American artists must fight for resale rights
Given the art world in its current state, the American visual artist is low man on the totem pole
By Frank Stella. Comment, Issue 226, July-August 2011
Published online: 04 August 2011
As the temporary president (until 2012) of the International Council of Creators of Graphic, Plastic and Photographic Arts (CIAGP), I attended this year’s World Copyright Summit in Brussels on 7-8 June. Seen from the point of view of a practising artist, it was not an uplifting experience.
For the American visual artist, the work, the image of the work and the artist’s name are protected by copyright. Protected, that is, from gross exploitation. Only adding the right to resale royalties, as has happened in the state of California, gives any legal financial benefit to the artist.

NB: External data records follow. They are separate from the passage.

text \<open>Around a centre off the support we recentre at a nearby support point, at the price of
  doubling the radius.\<close>
lemma dens_le_two_Dratio:
  assumes "loc_finite_borel \<nu>" "Dratio \<nu> \<noteq> \<infinity>" "x \<in> msupp \<nu>" "\<rho> > 0" "\<sigma> > 0"
  shows "dens \<nu> z \<rho> \<le> 2 * real_of_ereal (Dratio \<nu>) * dens \<nu> x \<sigma>"
proof (cases "measure \<nu> (ball z \<rho>) > 0")
  case True
  then obtain z' where z': "z' \<in> msupp \<nu>" "z' \<in> ball z \<rho>"
    using msupp_meets_ball[OF assms(1)] by blast
  have "ball z \<rho> \<subseteq> ball z' (2 * \<rho>)"
    using z'(2) by (simp add: ball_subset_ball_iff dist_commute)
  then have "measure \<nu> (ball z \<rho>) \<le> measure \<nu> (ball z' (2 * \<rho>))"
    using loc_finite_borel_sets[OF assms(1)] emeasure_ball_finite[OF assms(1)]
    by (intro measure_mono_fmeasurable) (auto intro: fmeasurableI)
  then have "dens \<nu> z \<rho> \<le> 2 * dens \<nu> z' (2 * \<rho>)"
    using assms(4) by (simp add: dens_def divide_right_mono)
  also have "\<dots> \<le> 2 * (real_of_ereal (Dratio \<nu>) * dens \<nu> x \<sigma>)"
    using dens_le_Dratio[OF assms(1,2) z'(1) assms(3)] assms(4,5) by simp
  finally show ?thesis by simp
next
  case False
  then have "dens \<nu> z \<rho> = 0" by (simp add: dens_def not_less measure_le_0_iff)
  then show ?thesis
    using Dratio_ge_one[OF assms(1,3,2)] dens_nonneg[OF assms(5), of \<nu> x] by simp
qed

lemma measurable_line: "(\<lambda>t::real. a + of_real t * u) \<in> measurable lborel (borel :: complex measure)"
proof -
  have "continuous_on UNIV (\<lambda>t::real. a + of_real t * u)" by (intro continuous_intros)
  then show ?thesis using borel_measurable_continuous_onI by simp
qed

lemma norm_line_minus:
  assumes "cmod u = 1"
  shows "cmod (a + of_real t * u - w) = cmod (of_real t - (w - a) / u)"
proof -
  have "u \<noteq> 0" using assms by auto
  then have "a + of_real t * u - w = u * (of_real t - (w - a) / u)" by (simp add: field_simps)
  then show ?thesis using assms by (simp add: norm_mult)
qed

lemma measure_line_ball_le:
  assumes "cmod u = 1" "\<rho> > 0"
  shows "measure (distr lborel borel (\<lambda>t. a + of_real t * u)) (ball w \<rho>) \<le> 2 * \<rho>"
proof -
  let ?q = "(w - a) / u"
  have "(\<lambda>t. a + of_real t * u) -` ball w \<rho> \<subseteq> {Re ?q - \<rho> <..< Re ?q + \<rho>}"
  proof
    fix t assume "t \<in> (\<lambda>t. a + of_real t * u) -` ball w \<rho>"
    then have "cmod (of_real t - ?q) < \<rho>"
      using norm_line_minus[OF assms(1)] by (simp add: dist_norm norm_minus_commute)
    then show "t \<in> {Re ?q - \<rho> <..< Re ?q + \<rho>}"
      using abs_Re_le_cmod[of "of_real t - ?q"] by auto
  qed
  then have "measure lborel ((\<lambda>t. a + of_real t * u) -` ball w \<rho>) \<le> measure lborel {Re ?q - \<rho> <..< Re ?q + \<rho>}"
    using measurable_sets[OF measurable_line, of "ball w \<rho>" a u] assms(2)
    by (intro measure_mono_fmeasurable) (auto simp: fmeasurable_def)
  then show ?thesis using assms(2) by (simp add: measure_distr[OF measurable_line])
qed

lemma measure_line_ball_on_line:
  assumes "cmod u = 1" "\<rho> > 0"
  shows "measure (distr lborel borel (\<lambda>t. a + of_real t * u)) (ball (a + of_real t0 * u) \<rho>) = 2 * \<rho>"
proof -
  have "(\<lambda>t. a + of_real t * u) -` ball (a + of_real t0 * u) \<rho> = {t0 - \<rho> <..< t0 + \<rho>}"
  proof -
    have "dist (a + of_real t0 * u) (a + of_real t * u) = \<bar>t - t0\<bar>" for t
    proof -
      have "a + of_real t0 * u - (a + of_real t * u) = of_real (t0 - t) * u"
        by (simp add: algebra_simps)
      then show ?thesis using assms(1) by (simp add: dist_norm norm_mult del: of_real_diff)
    qed
    then show ?thesis by auto
  qed
  then show ?thesis using assms(2) by (simp add: measure_distr[OF measurable_line])
qed

lemma emeasure_line_ball_off_line:
  assumes "cmod u = 1" "\<And>t. w \<noteq> a + of_real t * u"
  shows "\<exists>e>0. emeasure (distr lborel borel (\<lambda>t. a + of_real t * u)) (ball w e) = 0"
proof (intro exI conjI)
  let ?q = "(w - a) / u"
  have "Im ?q \<noteq> 0"
  proof
    assume "Im ?q = 0"
    then have "?q = of_real (Re ?q)" by (simp add: complex_eq_iff)
    moreover have "w = a + ?q * u" using assms(1) by auto
    ultimately have "w = a + of_real (Re ?q) * u" by simp
    then show False using assms(2) by blast
  qed
  then show "\<bar>Im ?q\<bar> > 0" by simp
  have "\<not> cmod (a + of_real t * u - w) < \<bar>Im ?q\<bar>" for t
    using abs_Im_le_cmod[of "of_real t - ?q"] norm_line_minus[OF assms(1)] by simp
  then have "(\<lambda>t. a + of_real t * u) -` ball w \<bar>Im ?q\<bar> = {}"
    by (auto simp: dist_norm norm_minus_commute)
  then show "emeasure (distr lborel borel (\<lambda>t. a + of_real t * u)) (ball w \<bar>Im ?q\<bar>) = 0"
    by (simp add: emeasure_distr[OF measurable_line])
qed

text \<open>A line measure grows exactly linearly around the points of its support, the line.\<close>
lemma line_measure_dens_le:
  assumes "line_measure \<nu>" "x \<in> msupp \<nu>" "\<rho> > 0" "\<sigma> > 0"
  shows "dens \<nu> w \<rho> \<le> dens \<nu> x \<sigma>"
proof -
  obtain k a u where k: "k > 0" and u: "cmod u = 1"
    and \<nu>: "\<nu> = scale_measure (ennreal k) (distr lborel borel (\<lambda>t. a + of_real t * u))"
    using assms(1) unfolding line_measure_def by blast
  have "\<exists>t0. x = a + of_real t0 * u"
  proof (rule ccontr)
    assume "\<nexists>t0. x = a + of_real t0 * u"
    then obtain e where "e > 0" "emeasure (distr lborel borel (\<lambda>t. a + of_real t * u)) (ball x e) = 0"
      using emeasure_line_ball_off_line[OF u] by blast
    then show False using assms(2) \<nu> unfolding msupp_def by auto
  qed
  then obtain t0 where x: "x = a + of_real t0 * u" by blast
  have "dens \<nu> w \<rho> \<le> k"
    using measure_line_ball_le[OF u assms(3), of a w] k assms(3) \<nu>
    by (simp add: dens_def divide_le_eq)
  also have "\<dots> = dens \<nu> x \<sigma>"
    using measure_line_ball_on_line[OF u assms(4), of a t0] k assms(4) \<nu> x by (simp add: dens_def)
  finally show ?thesis .
qed

section \<open>Density estimates\<close>

lemma three_sqrt_mult_less:
  fixes \<gamma> r s :: real
  assumes "\<gamma> \<ge> 0" "r > 0" "s > 0" "\<gamma> < (s / r)\<^sup>2 / 9"
  shows "3 * sqrt \<gamma> * r < s"
proof -
  have "(s / r)\<^sup>2 / 9 = (s / (3 * r))\<^sup>2" by (simp add: power2_eq_square field_simps)
  then have "sqrt \<gamma> < sqrt ((s / (3 * r))\<^sup>2)" using assms(4) by (intro real_sqrt_less_mono) simp
  also have "\<dots> = s / (3 * r)" using assms(2,3) by simp
  finally show ?thesis using assms(2) by (simp add: field_simps)
qed

lemma density_upper_arith:
  fixes M P Q c C \<delta> r s t :: real
  assumes "0 < t" "3 * t < s" "s \<le> r" "0 \<le> c" "0 \<le> C" "0 \<le> \<delta>"
    and M: "M \<le> c * P + t * \<delta>" and Q: "c * Q \<le> 2 * r * \<delta> + t * \<delta>"
    and PQ: "P / (2 * (s + t)) \<le> C * (Q / (2 * (r - t)))"
  shows "M / (2 * s) \<le> (C + (15 * C + 1) / 2 * (t / s)) * \<delta>"
proof -
  have rt: "r - t > 0" using assms(1-3) by linarith
  have key: "(s + t) * (2 * r + t) \<le> (2 * s + 15 * t) * (r - t)"
  proof -
    have "(2 * s + 15 * t) * (r - t) - (s + t) * (2 * r + t) = t * (13 * r - 3 * s - 16 * t)"
      by (simp add: algebra_simps)
    moreover have "t * (13 * r - 3 * s - 16 * t) > 0" using assms(1-3) by simp
    ultimately show ?thesis by linarith
  qed
  have "P \<le> C * ((s + t) / (r - t)) * Q"
    using PQ rt assms(1,2) by (simp add: field_simps)
  then have "c * P \<le> c * (C * ((s + t) / (r - t)) * Q)" by (rule mult_left_mono[OF _ assms(4)])
  also have "\<dots> = C * ((s + t) / (r - t)) * (c * Q)" by (simp add: mult_ac)
  also have "\<dots> \<le> C * ((s + t) / (r - t)) * ((2 * r + t) * \<delta>)"
    using Q rt assms(1,2,5) by (intro mult_left_mono) (auto simp: algebra_simps)
  also have "\<dots> = C * \<delta> * ((s + t) * (2 * r + t) / (r - t))" by simp
  also have "\<dots> \<le> C * \<delta> * (2 * s + 15 * t)"
    using key rt assms(5,6) by (intro mult_left_mono) (auto simp: divide_le_eq)
  finally have "M \<le> (C * (2 * s + 15 * t) + t) * \<delta>" using M by (simp add: algebra_simps)
  then have "M / (2 * s) \<le> (C * (2 * s + 15 * t) + t) * \<delta> / (2 * s)"
    using assms(1,2) by (intro divide_right_mono) auto
  also have "\<dots> = (C + (15 * C + 1) / 2 * (t / s)) * \<delta>"
    using assms(1,2) by (simp add: field_simps)
  finally show ?thesis .
qed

American visual artists need to have a national resale rights convention enacted that would put them in line with other existing artists’ rights societies, particularly those in the European Union. Only then will the artists’ rights societies have enough leverage to function effectively on a global scale for the benefit of all visual artists.
Were this alliance to succeed, what greater protection and benefits would accrue to the artist? Would there be a significant improvement of the artists’ status in the art world and the world at large? Would more creatively inclined people want to become visual artists? I hope so, but there seems to be room for doubt.

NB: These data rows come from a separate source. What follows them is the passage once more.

definition openk :: "nat \<Rightarrow> (nat \<Rightarrow> real) set \<Rightarrow> bool" where
  "openk k E \<longleftrightarrow> E \<subseteq> Rk k \<and>
     (\<forall>\<xi>\<in>E. \<exists>e>0. \<forall>\<eta>\<in>Rk k. normk k (\<lambda>l. \<eta> l - \<xi> l) < e \<longrightarrow> \<eta> \<in> E)"

definition has_gradk :: "nat \<Rightarrow> ((nat \<Rightarrow> real) \<Rightarrow> real) \<Rightarrow> (nat \<Rightarrow> real) \<Rightarrow> (nat \<Rightarrow> real) \<Rightarrow> bool" where
  "has_gradk k F d \<xi> \<longleftrightarrow> d \<in> Rk k \<and>
     (\<forall>e>0. \<exists>\<delta>>0. \<forall>t\<in>Rk k. normk k t < \<delta> \<longrightarrow>
        \<bar>F (\<lambda>l. \<xi> l + t l) - F \<xi> - dotk k d t\<bar> \<le> e * normk k t)"

definition legendre_conj :: "nat \<Rightarrow> (nat \<Rightarrow> real) set \<Rightarrow> ((nat \<Rightarrow> real) \<Rightarrow> (nat \<Rightarrow> real))
                      \<Rightarrow> ((nat \<Rightarrow> real) \<Rightarrow> real) \<Rightarrow> (nat \<Rightarrow> real) \<Rightarrow> real" where
  "legendre_conj k E dV V \<sigma> = (let \<xi> = inv_into E dV \<sigma> in dotk k \<sigma> \<xi> - V \<xi>)"

definition canonical :: "nat \<Rightarrow> (nat \<Rightarrow> real) set \<Rightarrow> (nat \<Rightarrow> real) set
                         \<Rightarrow> ((nat \<Rightarrow> real) \<Rightarrow> real) \<Rightarrow> ((nat \<Rightarrow> real) \<Rightarrow> (nat \<Rightarrow> real)) \<Rightarrow> bool" where
  "canonical k E Es V dV \<longleftrightarrow> openk k E \<and> openk k Es \<and>
     (\<forall>\<xi>\<in>E. has_gradk k V (dV \<xi>) \<xi>) \<and> bij_betw dV E Es \<and>
     (\<forall>\<sigma>\<in>Es. has_gradk k (legendre_conj k E dV V) (inv_into E dV \<sigma>) \<sigma>)"

definition convex_fun_k :: "(nat \<Rightarrow> real) set \<Rightarrow> ((nat \<Rightarrow> real) \<Rightarrow> real) \<Rightarrow> bool" where
  "convex_fun_k E V \<longleftrightarrow> (\<forall>\<xi>\<in>E. \<forall>\<eta>\<in>E. \<forall>\<theta>::real. 0 \<le> \<theta> \<and> \<theta> \<le> 1 \<longrightarrow>
      (\<lambda>l. \<theta> * \<xi> l + (1 - \<theta>) * \<eta> l) \<in> E \<and>
      V (\<lambda>l. \<theta> * \<xi> l + (1 - \<theta>) * \<eta> l) \<le> \<theta> * V \<xi> + (1 - \<theta>) * V \<eta>)"

section \<open>Quadratic maps R^n -> R^k, given by coefficients (Q_l, b_l, c_l), l < k:
  component l is x^T Q_l x + b_l^T x + c_l\<close>

type_synonym 'n qmap = "(nat \<Rightarrow> real^'n^'n) \<times> (nat \<Rightarrow> real^'n) \<times> (nat \<Rightarrow> real)"

definition qeval :: "nat \<Rightarrow> 'n::finite qmap \<Rightarrow> real^'n \<Rightarrow> (nat \<Rightarrow> real)" where
  "qeval k L x = (case L of (Q, b, c) \<Rightarrow>
      (\<lambda>l. if l < k then x \<bullet> (Q l *v x) + b l \<bullet> x + c l else 0))"

text \<open>Hessian (in x) of x \<mapsto> qeval k L x ^T sigma.\<close>
definition qhess :: "nat \<Rightarrow> 'n::finite qmap \<Rightarrow> (nat \<Rightarrow> real) \<Rightarrow> real^'n^'n" where
  "qhess k L \<sigma> = (case L of (Q, b, c) \<Rightarrow>
      (\<Sum>l<k. \<sigma> l *\<^sub>R (Q l + transpose (Q l))))"

text \<open>Dual variable sigma = (lambda, mu, sigma_f, sigma_g, sigma_h).\<close>
type_synonym dualv = "(nat \<Rightarrow> real) \<times> (nat \<Rightarrow> real) \<times> (nat \<Rightarrow> real) \<times> (nat \<Rightarrow> nat \<Rightarrow> real) \<times> (nat \<Rightarrow> nat \<Rightarrow> real)"

definition dcomb :: "real \<Rightarrow> dualv \<Rightarrow> dualv \<Rightarrow> dualv" where
  "dcomb \<theta> s t = (case s of (la1, \<mu>1, sf1, sg1, sh1) \<Rightarrow> case t of (la2, \<mu>2, sf2, sg2, sh2) \<Rightarrow>
     ((\<lambda>i. \<theta> * la1 i + (1 - \<theta>) * la2 i), (\<lambda>j. \<theta> * \<mu>1 j + (1 - \<theta>) * \<mu>2 j),
      (\<lambda>l. \<theta> * sf1 l + (1 - \<theta>) * sf2 l),
      (\<lambda>i l. \<theta> * sg1 i l + (1 - \<theta>) * sg2 i l),
      (\<lambda>j l. \<theta> * sh1 j l + (1 - \<theta>) * sh2 j l)))"

definition convex_dual :: "dualv set \<Rightarrow> bool" where
  "convex_dual S \<longleftrightarrow> (\<forall>s\<in>S. \<forall>t\<in>S. \<forall>\<theta>::real. 0 \<le> \<theta> \<and> \<theta> \<le> 1 \<longrightarrow> dcomb \<theta> s t \<in> S)"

Given the art world in its current state, the American visual artist is low man on the totem pole. In the larger, more sophisticated world of intellectual property rights and creative copyright enforcement—in literature, music, film, computer programming and patent protection—the American visual artist is again way behind.

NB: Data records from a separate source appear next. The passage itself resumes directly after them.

lemma frob_poly_linear: "frob_poly q [:- z, 1:] = [:- (z ^ q), 1 :: 'a:]"
  by (rule poly_eqI)
     (auto simp: coeff_frob_poly q_pos coeff_pCons power_char_power_uminus[OF q_def]
           split: nat.splits)

lemma Fq_poly_mult: "Fq_poly q p \<Longrightarrow> Fq_poly q r \<Longrightarrow> Fq_poly q (p * r :: 'a poly)"
  by (simp add: frob_poly_eq_self_iff[OF q_pos, symmetric] frob_poly_mult)

lemma Fq_poly_diff: "Fq_poly q p \<Longrightarrow> Fq_poly q r \<Longrightarrow> Fq_poly q (p - r :: 'a poly)"
  by (simp add: Fq_poly_def Fq_diff[OF q_def])

lemma Fq_poly_cancel:
  assumes "g \<noteq> 0" "Fq_poly q g" "Fq_poly q (g * h :: 'a poly)"
  shows "Fq_poly q h"
proof -
  have "g * frob_poly q h = g * h"
    using assms(2,3) by (simp add: frob_poly_eq_self_iff[OF q_pos, symmetric] frob_poly_mult)
  thus ?thesis using assms(1) by (simp add: frob_poly_eq_self_iff[OF q_pos, symmetric])
qed

lemma Fq_poly_mod:
  assumes "Fq_poly q p" "Fq_poly q (d :: 'a poly)"
  shows "Fq_poly q (p mod d)"
proof (cases "d = 0")
  case False
  txt \<open>Frobenius fixes \<open>p\<close> and \<open>d\<close>, so it maps \<open>p mod d\<close> to another remainder of \<open>p\<close> by \<open>d\<close>.\<close>
  have "frob_poly q p = p" "frob_poly q d = d"
    using assms by (simp_all add: frob_poly_eq_self_iff[OF q_pos])
  hence "p = frob_poly q (p div d * d + p mod d)" by simp
  also have "\<dots> = frob_poly q (p div d) * d + frob_poly q (p mod d)"
    by (simp only: frob_poly_add frob_poly_mult \<open>frob_poly q d = d\<close>)
  finally have "frob_poly q (p mod d) mod d = p mod d"
    by (metis mod_mult_self3)
  moreover have "degree (frob_poly q (p mod d)) < degree d \<or> frob_poly q (p mod d) = 0"
    using False degree_mod_less' degree_frob_poly[OF q_pos] by (metis map_poly_0 frob_poly_def)
  ultimately have "frob_poly q (p mod d) = p mod d"
    by (metis mod_poly_less mod_0)
  thus ?thesis by (simp add: frob_poly_eq_self_iff[OF q_pos])
qed (use assms in simp)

The artists’ depressed position in the copyright world makes an unpleasant image. Massed above the artist in the art world are museums, exhibition halls, educational institutions, auction houses, art dealers, collectors, speculators, forgers and—the most recent menace—art fairs. Why is this community so reluctant to help those on whom they are ultimately dependent? To most of them there is no greater anathema than a resale royalty for artists. For the remainder the royalty is merely a matter of indifference.
How can it be that in more than 20 years only two works of mine were deemed eligible for California resale royalties? Last week, why was I asked by a collector acting for a museum to waive my rights on 32 of my works to be reproduced in a museum catalogue of his collection?
In the end, the only way out for the American visual artist suggested by the World Copyright Summit seems to be found in the lesson of being low man on the totem pole.
The creative professionals above us are obviously better high-stakes players. We need to learn from them.